» How to complete this task: What is needed is an exact copy of every record below.

*** Opening of Study material ***

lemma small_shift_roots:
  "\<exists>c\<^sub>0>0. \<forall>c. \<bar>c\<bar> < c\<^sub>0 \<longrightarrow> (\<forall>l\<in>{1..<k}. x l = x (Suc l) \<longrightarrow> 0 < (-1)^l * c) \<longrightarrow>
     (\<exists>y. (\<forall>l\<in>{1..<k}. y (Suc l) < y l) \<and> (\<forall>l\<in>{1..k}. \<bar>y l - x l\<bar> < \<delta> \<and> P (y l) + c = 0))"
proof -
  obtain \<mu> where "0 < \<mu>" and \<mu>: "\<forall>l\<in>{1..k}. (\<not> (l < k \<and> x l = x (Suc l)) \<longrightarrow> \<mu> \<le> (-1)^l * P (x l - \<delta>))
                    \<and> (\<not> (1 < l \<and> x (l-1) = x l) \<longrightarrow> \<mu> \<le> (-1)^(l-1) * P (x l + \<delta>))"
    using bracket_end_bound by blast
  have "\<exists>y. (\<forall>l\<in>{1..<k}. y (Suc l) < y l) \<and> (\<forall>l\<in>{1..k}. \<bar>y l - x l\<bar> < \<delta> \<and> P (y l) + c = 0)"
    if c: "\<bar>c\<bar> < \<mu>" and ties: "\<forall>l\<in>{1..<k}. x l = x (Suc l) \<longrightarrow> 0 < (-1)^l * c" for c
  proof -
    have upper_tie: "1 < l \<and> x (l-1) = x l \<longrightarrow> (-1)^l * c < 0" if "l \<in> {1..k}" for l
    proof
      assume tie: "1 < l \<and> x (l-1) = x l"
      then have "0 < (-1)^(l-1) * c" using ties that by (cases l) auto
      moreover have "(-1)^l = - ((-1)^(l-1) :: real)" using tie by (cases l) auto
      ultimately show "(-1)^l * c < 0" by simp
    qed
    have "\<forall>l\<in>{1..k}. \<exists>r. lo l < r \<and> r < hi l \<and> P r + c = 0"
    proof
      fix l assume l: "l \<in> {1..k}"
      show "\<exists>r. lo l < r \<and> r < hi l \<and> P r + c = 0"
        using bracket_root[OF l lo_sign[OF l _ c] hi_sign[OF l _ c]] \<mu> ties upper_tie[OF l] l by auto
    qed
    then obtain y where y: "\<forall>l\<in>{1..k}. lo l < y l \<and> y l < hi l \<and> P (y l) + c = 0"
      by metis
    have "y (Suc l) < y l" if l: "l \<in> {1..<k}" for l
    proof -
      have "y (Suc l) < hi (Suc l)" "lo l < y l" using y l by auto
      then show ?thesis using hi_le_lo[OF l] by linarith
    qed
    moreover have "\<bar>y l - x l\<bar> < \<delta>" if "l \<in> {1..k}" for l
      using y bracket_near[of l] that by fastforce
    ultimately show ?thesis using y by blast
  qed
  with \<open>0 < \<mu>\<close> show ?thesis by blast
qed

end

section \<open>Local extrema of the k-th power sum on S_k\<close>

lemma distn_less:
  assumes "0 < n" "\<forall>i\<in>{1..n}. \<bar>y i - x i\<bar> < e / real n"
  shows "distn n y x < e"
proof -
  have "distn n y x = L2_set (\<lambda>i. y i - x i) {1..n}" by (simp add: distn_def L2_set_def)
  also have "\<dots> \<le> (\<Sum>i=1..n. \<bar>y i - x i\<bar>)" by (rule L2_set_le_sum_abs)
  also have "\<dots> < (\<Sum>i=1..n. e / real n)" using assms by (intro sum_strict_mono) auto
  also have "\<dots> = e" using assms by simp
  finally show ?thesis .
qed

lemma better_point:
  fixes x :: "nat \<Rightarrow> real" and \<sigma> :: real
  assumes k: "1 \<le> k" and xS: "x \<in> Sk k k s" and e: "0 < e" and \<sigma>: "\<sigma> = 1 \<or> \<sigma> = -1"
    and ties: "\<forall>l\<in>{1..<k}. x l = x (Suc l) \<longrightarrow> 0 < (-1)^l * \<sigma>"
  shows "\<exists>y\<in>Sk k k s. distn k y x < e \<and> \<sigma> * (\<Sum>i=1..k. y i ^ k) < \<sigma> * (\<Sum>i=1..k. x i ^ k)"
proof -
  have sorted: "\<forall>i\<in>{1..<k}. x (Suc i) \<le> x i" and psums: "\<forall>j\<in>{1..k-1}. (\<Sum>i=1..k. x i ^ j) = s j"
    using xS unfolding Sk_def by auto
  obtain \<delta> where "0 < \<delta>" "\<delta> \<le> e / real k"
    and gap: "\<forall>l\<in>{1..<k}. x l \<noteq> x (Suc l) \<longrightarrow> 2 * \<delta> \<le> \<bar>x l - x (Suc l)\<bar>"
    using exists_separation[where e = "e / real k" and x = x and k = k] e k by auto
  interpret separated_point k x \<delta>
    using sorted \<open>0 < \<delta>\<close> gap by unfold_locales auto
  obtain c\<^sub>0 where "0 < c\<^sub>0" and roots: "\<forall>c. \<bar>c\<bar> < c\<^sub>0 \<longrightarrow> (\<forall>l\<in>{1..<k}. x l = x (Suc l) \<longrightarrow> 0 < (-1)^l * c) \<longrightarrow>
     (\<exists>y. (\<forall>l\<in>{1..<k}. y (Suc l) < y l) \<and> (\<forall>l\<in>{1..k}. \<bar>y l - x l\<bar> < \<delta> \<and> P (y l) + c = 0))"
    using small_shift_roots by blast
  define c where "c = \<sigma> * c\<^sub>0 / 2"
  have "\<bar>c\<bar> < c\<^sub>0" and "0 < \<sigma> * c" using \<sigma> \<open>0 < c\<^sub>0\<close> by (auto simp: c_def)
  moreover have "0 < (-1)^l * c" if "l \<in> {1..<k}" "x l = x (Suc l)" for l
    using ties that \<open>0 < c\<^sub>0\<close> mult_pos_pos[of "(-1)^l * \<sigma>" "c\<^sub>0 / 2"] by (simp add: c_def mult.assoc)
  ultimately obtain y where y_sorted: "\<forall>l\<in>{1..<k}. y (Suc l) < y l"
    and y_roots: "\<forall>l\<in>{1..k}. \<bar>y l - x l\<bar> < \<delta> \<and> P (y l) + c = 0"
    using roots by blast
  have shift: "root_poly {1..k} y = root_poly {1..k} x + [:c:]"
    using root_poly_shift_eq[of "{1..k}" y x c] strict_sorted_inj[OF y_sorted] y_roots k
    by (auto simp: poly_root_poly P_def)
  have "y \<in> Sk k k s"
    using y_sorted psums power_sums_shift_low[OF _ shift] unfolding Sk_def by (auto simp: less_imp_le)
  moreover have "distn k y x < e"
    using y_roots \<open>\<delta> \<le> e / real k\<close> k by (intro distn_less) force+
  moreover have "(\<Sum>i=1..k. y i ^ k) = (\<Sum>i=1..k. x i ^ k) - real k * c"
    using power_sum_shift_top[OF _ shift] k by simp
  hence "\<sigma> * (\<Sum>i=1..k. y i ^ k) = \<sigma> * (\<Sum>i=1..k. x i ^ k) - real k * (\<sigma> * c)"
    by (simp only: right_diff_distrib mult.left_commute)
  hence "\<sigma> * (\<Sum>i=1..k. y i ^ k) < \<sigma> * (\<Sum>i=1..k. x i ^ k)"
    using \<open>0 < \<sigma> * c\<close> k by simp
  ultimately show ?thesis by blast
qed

*** Close of Study material ***

» Expected answer:
lemma small_shift_roots:
  "\<exists>c\<^sub>0>0. \<forall>c. \<bar>c\<bar> < c\<^sub>0 \<longrightarrow> (\<forall>l\<in>{1..<k}. x l = x (Suc l) \<longrightarrow> 0 < (-1)^l * c) \<longrightarrow>
     (\<exists>y. (\<forall>l\<in>{1..<k}. y (Suc l) < y l) \<and> (\<forall>l\<in>{1..k}. \<bar>y l - x l\<bar> < \<delta> \<and> P (y l) + c = 0))"
proof -
  obtain \<mu> where "0 < \<mu>" and \<mu>: "\<forall>l\<in>{1..k}. (\<not> (l < k \<and> x l = x (Suc l)) \<longrightarrow> \<mu> \<le> (-1)^l * P (x l - \<delta>))
                    \<and> (\<not> (1 < l \<and> x (l-1) = x l) \<longrightarrow> \<mu> \<le> (-1)^(l-1) * P (x l + \<delta>))"
    using bracket_end_bound by blast
  have "\<exists>y. (\<forall>l\<in>{1..<k}. y (Suc l) < y l) \<and> (\<forall>l\<in>{1..k}. \<bar>y l - x l\<bar> < \<delta> \<and> P (y l) + c = 0)"
    if c: "\<bar>c\<bar> < \<mu>" and ties: "\<forall>l\<in>{1..<k}. x l = x (Suc l) \<longrightarrow> 0 < (-1)^l * c" for c
  proof -
    have upper_tie: "1 < l \<and> x (l-1) = x l \<longrightarrow> (-1)^l * c < 0" if "l \<in> {1..k}" for l
    proof
      assume tie: "1 < l \<and> x (l-1) = x l"
      then have "0 < (-1)^(l-1) * c" using ties that by (cases l) auto
      moreover have "(-1)^l = - ((-1)^(l-1) :: real)" using tie by (cases l) auto
      ultimately show "(-1)^l * c < 0" by simp
    qed
    have "\<forall>l\<in>{1..k}. \<exists>r. lo l < r \<and> r < hi l \<and> P r + c = 0"
    proof
      fix l assume l: "l \<in> {1..k}"
      show "\<exists>r. lo l < r \<and> r < hi l \<and> P r + c = 0"
        using bracket_root[OF l lo_sign[OF l _ c] hi_sign[OF l _ c]] \<mu> ties upper_tie[OF l] l by auto
    qed
    then obtain y where y: "\<forall>l\<in>{1..k}. lo l < y l \<and> y l < hi l \<and> P (y l) + c = 0"
      by metis
    have "y (Suc l) < y l" if l: "l \<in> {1..<k}" for l
    proof -
      have "y (Suc l) < hi (Suc l)" "lo l < y l" using y l by auto
      then show ?thesis using hi_le_lo[OF l] by linarith
    qed
    moreover have "\<bar>y l - x l\<bar> < \<delta>" if "l \<in> {1..k}" for l
      using y bracket_near[of l] that by fastforce
    ultimately show ?thesis using y by blast
  qed
  with \<open>0 < \<mu>\<close> show ?thesis by blast
qed

end

section \<open>Local extrema of the k-th power sum on S_k\<close>

lemma distn_less:
  assumes "0 < n" "\<forall>i\<in>{1..n}. \<bar>y i - x i\<bar> < e / real n"
  shows "distn n y x < e"
proof -
  have "distn n y x = L2_set (\<lambda>i. y i - x i) {1..n}" by (simp add: distn_def L2_set_def)
  also have "\<dots> \<le> (\<Sum>i=1..n. \<bar>y i - x i\<bar>)" by (rule L2_set_le_sum_abs)
  also have "\<dots> < (\<Sum>i=1..n. e / real n)" using assms by (intro sum_strict_mono) auto
  also have "\<dots> = e" using assms by simp
  finally show ?thesis .
qed

lemma better_point:
  fixes x :: "nat \<Rightarrow> real" and \<sigma> :: real
  assumes k: "1 \<le> k" and xS: "x \<in> Sk k k s" and e: "0 < e" and \<sigma>: "\<sigma> = 1 \<or> \<sigma> = -1"
    and ties: "\<forall>l\<in>{1..<k}. x l = x (Suc l) \<longrightarrow> 0 < (-1)^l * \<sigma>"
  shows "\<exists>y\<in>Sk k k s. distn k y x < e \<and> \<sigma> * (\<Sum>i=1..k. y i ^ k) < \<sigma> * (\<Sum>i=1..k. x i ^ k)"
proof -
  have sorted: "\<forall>i\<in>{1..<k}. x (Suc i) \<le> x i" and psums: "\<forall>j\<in>{1..k-1}. (\<Sum>i=1..k. x i ^ j) = s j"
    using xS unfolding Sk_def by auto
  obtain \<delta> where "0 < \<delta>" "\<delta> \<le> e / real k"
    and gap: "\<forall>l\<in>{1..<k}. x l \<noteq> x (Suc l) \<longrightarrow> 2 * \<delta> \<le> \<bar>x l - x (Suc l)\<bar>"
    using exists_separation[where e = "e / real k" and x = x and k = k] e k by auto
  interpret separated_point k x \<delta>
    using sorted \<open>0 < \<delta>\<close> gap by unfold_locales auto
  obtain c\<^sub>0 where "0 < c\<^sub>0" and roots: "\<forall>c. \<bar>c\<bar> < c\<^sub>0 \<longrightarrow> (\<forall>l\<in>{1..<k}. x l = x (Suc l) \<longrightarrow> 0 < (-1)^l * c) \<longrightarrow>
     (\<exists>y. (\<forall>l\<in>{1..<k}. y (Suc l) < y l) \<and> (\<forall>l\<in>{1..k}. \<bar>y l - x l\<bar> < \<delta> \<and> P (y l) + c = 0))"
    using small_shift_roots by blast
  define c where "c = \<sigma> * c\<^sub>0 / 2"
  have "\<bar>c\<bar> < c\<^sub>0" and "0 < \<sigma> * c" using \<sigma> \<open>0 < c\<^sub>0\<close> by (auto simp: c_def)
  moreover have "0 < (-1)^l * c" if "l \<in> {1..<k}" "x l = x (Suc l)" for l
    using ties that \<open>0 < c\<^sub>0\<close> mult_pos_pos[of "(-1)^l * \<sigma>" "c\<^sub>0 / 2"] by (simp add: c_def mult.assoc)
  ultimately obtain y where y_sorted: "\<forall>l\<in>{1..<k}. y (Suc l) < y l"
    and y_roots: "\<forall>l\<in>{1..k}. \<bar>y l - x l\<bar> < \<delta> \<and> P (y l) + c = 0"
    using roots by blast
  have shift: "root_poly {1..k} y = root_poly {1..k} x + [:c:]"
    using root_poly_shift_eq[of "{1..k}" y x c] strict_sorted_inj[OF y_sorted] y_roots k
    by (auto simp: poly_root_poly P_def)
  have "y \<in> Sk k k s"
    using y_sorted psums power_sums_shift_low[OF _ shift] unfolding Sk_def by (auto simp: less_imp_le)
  moreover have "distn k y x < e"
    using y_roots \<open>\<delta> \<le> e / real k\<close> k by (intro distn_less) force+
  moreover have "(\<Sum>i=1..k. y i ^ k) = (\<Sum>i=1..k. x i ^ k) - real k * c"
    using power_sum_shift_top[OF _ shift] k by simp
  hence "\<sigma> * (\<Sum>i=1..k. y i ^ k) = \<sigma> * (\<Sum>i=1..k. x i ^ k) - real k * (\<sigma> * c)"
    by (simp only: right_diff_distrib mult.left_commute)
  hence "\<sigma> * (\<Sum>i=1..k. y i ^ k) < \<sigma> * (\<Sum>i=1..k. x i ^ k)"
    using \<open>0 < \<sigma> * c\<close> k by simp
  ultimately show ?thesis by blast
qed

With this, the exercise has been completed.